CV Tips: 20 Things to do…..20 Things to avoid!
Let’s start by blowing a myth away. The 2 page rule is nonsense. Do NOT try and fit 20 years into 2 pages by using font size 4 and margins measured in millimetres. Follow the below rules and your CV will be the perfect length, whether 1 page or 7.
Your CV is your Sales Document, it is not your opportunity to demonstrate how easily you can rival War & Peace, nor your chance to use every one of the over-4-syllable words you learnt from your word-a-day thesaurus desk calendar.
Your CV will get 20 seconds, if you are lucky, before the reader decides if you are worthy of a 2nd view, or destined for a polite (and politically correct, EU legislation appeasing) “Thanks but please don’t contact us again” rejection email.

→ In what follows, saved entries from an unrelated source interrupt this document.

theorem lemma2:
  fixes n :: nat
    and beta abar :: "nat \<Rightarrow> nat \<Rightarrow> real"
    and beta_min gamma_min :: real
    and gamma :: "nat \<Rightarrow> real"
    and s x op :: "nat \<Rightarrow> real \<Rightarrow> real"
  assumes beta_nonneg: "\<And>i j. i < n \<Longrightarrow> j < n \<Longrightarrow> beta i j \<ge> 0"
    and abar_nonneg: "\<And>i j. i < n \<Longrightarrow> j < n \<Longrightarrow> abar i j \<ge> 0"
    and beta_min_pos: "beta_min > 0"
    and gamma_min_pos: "gamma_min > 0"
    and gamma_ge: "\<And>i. i < n \<Longrightarrow> gamma i \<ge> gamma_min"
    and beta_ge: "\<And>i j. i < n \<Longrightarrow> j \<in> in_nbrs n beta i \<Longrightarrow> beta i j \<ge> beta_min"
    and sc_G: "strongly_connected n beta"
    and sc_Gbar: "strongly_connected n abar"
    and init: "\<And>i. i < n \<Longrightarrow> s i 0 \<in> {0..1} \<and> x i 0 \<in> {0..1} \<and> op i 0 \<in> {0..1}
                                  \<and> s i 0 + x i 0 \<le> 1"
    and ds: "\<And>i t. i < n \<Longrightarrow> t \<ge> 0 \<Longrightarrow>
       (s i has_real_derivative
          (- s i t * (\<Sum>j\<in>in_nbrs n beta i. (beta i j - (beta i j - beta_min) * op i t) * x j t)))
       (at t within {0..})"
    and dx: "\<And>i t. i < n \<Longrightarrow> t \<ge> 0 \<Longrightarrow>
       (x i has_real_derivative
          (s i t * (\<Sum>j\<in>in_nbrs n beta i. (beta i j - (beta i j - beta_min) * op i t) * x j t)
           - (gamma_min + (gamma i - gamma_min) * op i t) * x i t))
       (at t within {0..})"
    and dop: "\<And>i t. i < n \<Longrightarrow> t \<ge> 0 \<Longrightarrow>
       (op i has_real_derivative
          ((1 - s i t) - ((\<Sum>j<n. abar i j) * op i t - (\<Sum>j<n. abar i j * op j t)) - op i t))
       (at t within {0..})"
  shows "\<forall>i<n. \<forall>t1 t2. 0 \<le> t1 \<longrightarrow> t1 \<le> t2 \<longrightarrow> s i t2 \<le> s i t1"
proof -
  interpret epidemic_opinion_model n beta abar beta_min gamma_min gamma s x op
    using beta_min_pos abar_nonneg beta_ge init ds dx dop by unfold_locales auto
  show ?thesis
    using susceptible_antimono by blast
qed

Think of the best Sales Literature you have seen, and why it worked. Chances are it was simple, informative, credible, accurate, factual, objective, captured your attention and told you just what you wanted to know without waffle, or children’s names.
Your CV should be the same.
A professional CV is the absolute key to a successful job search; fall at the first hurdle and you are out before the game as started. Be Relevant, Be Credible, Be Professional.

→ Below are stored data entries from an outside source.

(* Let $(M,\circ,e)$ be an $F$-manifold and $\mathcal E$ an invertible vector field on $M$. (i) $\mathcal E$ is an eventual identity if and only if $$L_{\mathcal E}(\circ)(X,Y)=[e,\mathcal E]\circ X\circ Y\qquad\text{for all vector fields }X,Y \text{ on } M.$$ (ii) Suppose $\mathcal E$ is an eventual identity, and let $X*Y:=X\circ Y\circ\mathcal E^{-1}$ be the new $F$-manifold multiplication, whose unit is $\mathcal E$. Then $e$ is an eventual identity of the $F$-manifold $(M,*,\mathcal E)$. Moreover, the multiplication obtained by dualizing $(M,*,\mathcal E)$ with respect to $e$ is again $\circ$, i.e. $X*Y*e^{-1_*}=X\circ Y$, where $e^{-1_*}$ is the $*$-inverse of $e$. Hence $(M,\circ,e,\mathcal E)\mapsto(M,*,\mathcal E,e)$ is an involutive correspondence between $F$-manifolds with eventual identities.
   Context: An $F$-manifold $(M,\circ,e)$ is a smooth manifold $M$ together with a commutative, associative, $C^\infty(M)$-bilinear multiplication $\circ$ on $TM$ with unit vector field $e$, such that $$L_{X\circ Y}(\circ)=X\circ L_Y(\circ)+Y\circ L_X(\circ)$$ for all vector fields $X,Y$. Here $$L_Z(\circ)(X,Y):=[Z,X\circ Y]-[Z,X]\circ Y-X\circ[Z,Y].$$ A vector field $\mathcal E$ is invertible if there is a vector field $\mathcal E^{-1}$ with $\mathcal E\circ\mathcal E^{-1}=e$ everywhere on $M$. An eventual identity on $(M,\circ,e)$ is an invertible vector field $\mathcal E$ such that the multiplication $X*Y:=X\circ Y\circ\mathcal E^{-1}$ defines an $F$-manifold structure on $M$ (its unit is $\mathcal E$). *)

theory Defs
  imports "HOL-Analysis.Analysis"
begin

fun Ck_on :: "nat \<Rightarrow> ('b::euclidean_space \<Rightarrow> 'c::real_normed_vector) \<Rightarrow> 'b set \<Rightarrow> bool" where
  "Ck_on 0 f S = continuous_on S f"
| "Ck_on (Suc k) f S =
     (f differentiable_on S \<and> (\<forall>v. Ck_on k (\<lambda>x. frechet_derivative f (at x) v) S))"

definition smooth_on :: "('b::euclidean_space \<Rightarrow> 'c::real_normed_vector) \<Rightarrow> 'b set \<Rightarrow> bool" where
  "smooth_on f S \<longleftrightarrow> (\<forall>k. Ck_on k f S)"

definition chart :: "'a::topological_space set \<Rightarrow> ('a \<Rightarrow> 'b::euclidean_space) \<Rightarrow> bool" where
  "chart U \<phi> \<longleftrightarrow> open U \<and> inj_on \<phi> U \<and> continuous_on U \<phi> \<and> open (\<phi> ` U)
     \<and> continuous_on (\<phi> ` U) (inv_into U \<phi>)"

text \<open>A smooth atlas on the whole space 'a (the manifold is the type 'a, which is
  required to be Hausdorff and second countable in the theorem).\<close>
definition smooth_atlas :: "('a::topological_space set \<times> ('a \<Rightarrow> 'b::euclidean_space)) set \<Rightarrow> bool" where
  "smooth_atlas A \<longleftrightarrow>
     (\<forall>(U,\<phi>)\<in>A. chart U \<phi>) \<and> (\<Union>(fst ` A) = UNIV) \<and>
     (\<forall>(U,\<phi>)\<in>A. \<forall>(V,\<psi>)\<in>A. smooth_on (\<psi> \<circ> inv_into U \<phi>) (\<phi> ` (U \<inter> V)))"

definition Cinf :: "('a set \<times> ('a \<Rightarrow> 'b::euclidean_space)) set \<Rightarrow> ('a \<Rightarrow> real) set" where
  "Cinf A = {f. \<forall>(U,\<phi>)\<in>A. smooth_on (f \<circ> inv_into U \<phi>) (\<phi> ` U)}"

type_synonym 'a vfield = "('a \<Rightarrow> real) \<Rightarrow> ('a \<Rightarrow> real)"

text \<open>A (smooth) vector field is an R-linear derivation of the algebra C-infinity(M);
  for definiteness it is extended by 0 outside C-infinity(M).\<close>
definition vector_field :: "('a set \<times> ('a \<Rightarrow> 'b::euclidean_space)) set \<Rightarrow> 'a vfield \<Rightarrow> bool" where
  "vector_field A X \<longleftrightarrow>
     (\<forall>f\<in>Cinf A. X f \<in> Cinf A) \<and>
     (\<forall>f. f \<notin> Cinf A \<longrightarrow> X f = (\<lambda>x. 0)) \<and>
     (\<forall>f\<in>Cinf A. \<forall>g\<in>Cinf A. X (\<lambda>x. f x + g x) = (\<lambda>x. X f x + X g x)) \<and>
     (\<forall>f\<in>Cinf A. \<forall>c::real. X (\<lambda>x. c * f x) = (\<lambda>x. c * X f x)) \<and>
     (\<forall>f\<in>Cinf A. \<forall>g\<in>Cinf A. X (\<lambda>x. f x * g x) = (\<lambda>x. f x * X g x + g x * X f x))"

definition vadd :: "'a vfield \<Rightarrow> 'a vfield \<Rightarrow> 'a vfield" where
  "vadd X Y = (\<lambda>f x. X f x + Y f x)"

definition vdiff :: "'a vfield \<Rightarrow> 'a vfield \<Rightarrow> 'a vfield" where
  "vdiff X Y = (\<lambda>f x. X f x - Y f x)"

definition fscale :: "('a set \<times> ('a \<Rightarrow> 'b::euclidean_space)) set \<Rightarrow> ('a \<Rightarrow> real) \<Rightarrow> 'a vfield \<Rightarrow> 'a vfield" where
  "fscale A g X = (\<lambda>f. if f \<in> Cinf A then (\<lambda>x. g x * X f x) else (\<lambda>x. 0))"

definition lie :: "('a set \<times> ('a \<Rightarrow> 'b::euclidean_space)) set \<Rightarrow> 'a vfield \<Rightarrow> 'a vfield \<Rightarrow> 'a vfield" where
  "lie A X Y = (\<lambda>f. if f \<in> Cinf A then (\<lambda>x. X (Y f) x - Y (X f) x) else (\<lambda>x. 0))"

definition Lie_mult :: "('a set \<times> ('a \<Rightarrow> 'b::euclidean_space)) set \<Rightarrow> ('a vfield \<Rightarrow> 'a vfield \<Rightarrow> 'a vfield)
    \<Rightarrow> 'a vfield \<Rightarrow> 'a vfield \<Rightarrow> 'a vfield \<Rightarrow> 'a vfield" where
  "Lie_mult A pr Z X Y =
     vdiff (vdiff (lie A Z (pr X Y)) (pr (lie A Z X) Y)) (pr X (lie A Z Y))"

definition F_manifold :: "('a::{t2_space,second_countable_topology} set \<times> ('a \<Rightarrow> 'b::euclidean_space)) set
    \<Rightarrow> ('a vfield \<Rightarrow> 'a vfield \<Rightarrow> 'a vfield) \<Rightarrow> 'a vfield \<Rightarrow> bool" where
  "F_manifold A pr e \<longleftrightarrow>
     smooth_atlas A \<and>
     (\<forall>X Y. vector_field A X \<longrightarrow> vector_field A Y \<longrightarrow> vector_field A (pr X Y)) \<and>
     (\<forall>X Y. vector_field A X \<longrightarrow> vector_field A Y \<longrightarrow> pr X Y = pr Y X) \<and>
     (\<forall>X Y Z. vector_field A X \<longrightarrow> vector_field A Y \<longrightarrow> vector_field A Z \<longrightarrow>
        pr (pr X Y) Z = pr X (pr Y Z)) \<and>
     (\<forall>g\<in>Cinf A. \<forall>X Y Z. vector_field A X \<longrightarrow> vector_field A Y \<longrightarrow> vector_field A Z \<longrightarrow>
        pr (vadd (fscale A g X) Y) Z = vadd (fscale A g (pr X Z)) (pr Y Z)) \<and>
     vector_field A e \<and>
     (\<forall>X. vector_field A X \<longrightarrow> pr e X = X) \<and>
     (\<forall>X Y Z W. vector_field A X \<longrightarrow> vector_field A Y \<longrightarrow> vector_field A Z \<longrightarrow> vector_field A W \<longrightarrow>
        Lie_mult A pr (pr X Y) Z W =
          vadd (pr X (Lie_mult A pr Y Z W)) (pr Y (Lie_mult A pr X Z W)))"

definition invertible_vf :: "('a set \<times> ('a \<Rightarrow> 'b::euclidean_space)) set
    \<Rightarrow> ('a vfield \<Rightarrow> 'a vfield \<Rightarrow> 'a vfield) \<Rightarrow> 'a vfield \<Rightarrow> 'a vfield \<Rightarrow> bool" where
  "invertible_vf A pr e E \<longleftrightarrow> vector_field A E \<and> (\<exists>Y. vector_field A Y \<and> pr E Y = e)"

text \<open>The inverse of an invertible vector field (unique by associativity).\<close>
definition vinv :: "('a set \<times> ('a \<Rightarrow> 'b::euclidean_space)) set
    \<Rightarrow> ('a vfield \<Rightarrow> 'a vfield \<Rightarrow> 'a vfield) \<Rightarrow> 'a vfield \<Rightarrow> 'a vfield \<Rightarrow> 'a vfield" where
  "vinv A pr e E = (SOME Y. vector_field A Y \<and> pr E Y = e)"

definition dual_mult :: "('a set \<times> ('a \<Rightarrow> 'b::euclidean_space)) set
    \<Rightarrow> ('a vfield \<Rightarrow> 'a vfield \<Rightarrow> 'a vfield) \<Rightarrow> 'a vfield \<Rightarrow> 'a vfield \<Rightarrow> ('a vfield \<Rightarrow> 'a vfield \<Rightarrow> 'a vfield)" where
  "dual_mult A pr e E = (\<lambda>X Y. pr (pr X Y) (vinv A pr e E))"

definition eventual_identity :: "('a::{t2_space,second_countable_topology} set \<times> ('a \<Rightarrow> 'b::euclidean_space)) set
    \<Rightarrow> ('a vfield \<Rightarrow> 'a vfield \<Rightarrow> 'a vfield) \<Rightarrow> 'a vfield \<Rightarrow> 'a vfield \<Rightarrow> bool" where
  "eventual_identity A pr e E \<longleftrightarrow>
     invertible_vf A pr e E \<and> F_manifold A (dual_mult A pr e E) E"

end

theory Submission
  imports Defs "HOL-Library.Function_Algebras"
begin

(* Write P for the inverse of the invertible field E and X * Y = X o Y o P for the
   dual product.  Everything except the F-identity for * is inherited from o, so
   E is an eventual identity iff * satisfies the F-identity.  Using that the unit
   is Lie-flat (L_e = 0) and hence L_P = -P o P o L_E, the defect of the
   F-identity for * equals -P o P o Q(X,Y,Z,W) for an explicit obstruction Q built
   from L_E; Q vanishes identically iff L_E(X,Y) = [e,E] o X o Y.  For part (ii),
   the *-inverse of e is E o E, so dualizing * by e returns o on vector fields,
   and an F-manifold structure only depends on the product of vector fields. *)

section \<open>Smooth functions form an algebra\<close>

lemma frechet_derivative_cong_open:
  assumes "open S" "x \<in> S" "\<forall>y\<in>S. f y = g y"
  shows "frechet_derivative f (at x) = frechet_derivative g (at x)"
proof -
  have "\<And>f'. (f has_derivative f') (at x) \<longleftrightarrow> (g has_derivative f') (at x)"
    using assms by (metis has_derivative_transform_within_open)
  thus ?thesis unfolding frechet_derivative_def by simp
qed

lemma Ck_on_cong:
  fixes f g :: "'b::euclidean_space \<Rightarrow> 'c::real_normed_vector"
  assumes "open S" "\<forall>x\<in>S. f x = g x"
  shows "Ck_on k f S = Ck_on k g S"
  using assms(2)
proof (induction k arbitrary: f g)
  case 0 thus ?case using continuous_on_cong[of S S f g] by auto
next
  case (Suc k)
  have "f differentiable_on S \<longleftrightarrow> g differentiable_on S"
    using Suc.prems unfolding differentiable_on_def differentiable_def
    by (metis has_derivative_transform)
  moreover have "Ck_on k (\<lambda>x. frechet_derivative f (at x) v) S
      = Ck_on k (\<lambda>x. frechet_derivative g (at x) v) S" for v
    by (rule Suc.IH) (use frechet_derivative_cong_open[OF assms(1) _ Suc.prems] in simp)
  ultimately show ?case by simp
qed

lemma Ck_on_Suc_imp: "Ck_on (Suc k) f S \<Longrightarrow> Ck_on k f S"
  by (induction k arbitrary: f) (simp_all add: differentiable_imp_continuous_on)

Structure should be simple. Don’t try and overcomplicate: Personal Details (and contact details!), Qualifications, Career History, Achievements, Interests.
Personal Details: Name, Contact details(!), Date of birth (controversial – see below).
Qualifications: Professional Qualifications (real ones). Masters/Post-Grads/Degrees, A-Levels/O-levels/GCSEs/etc.
Career History: Reverse chronological order, Keep it simple: What you did, where you did it, when you did it, what you were responsible for, what you achieved. No gaps, no stories, no humour. Consistent format. Relevant info only. Include facts & figures, show growth/change in % terms. Show all detail for last 3 roles/10 years, then decreasing data.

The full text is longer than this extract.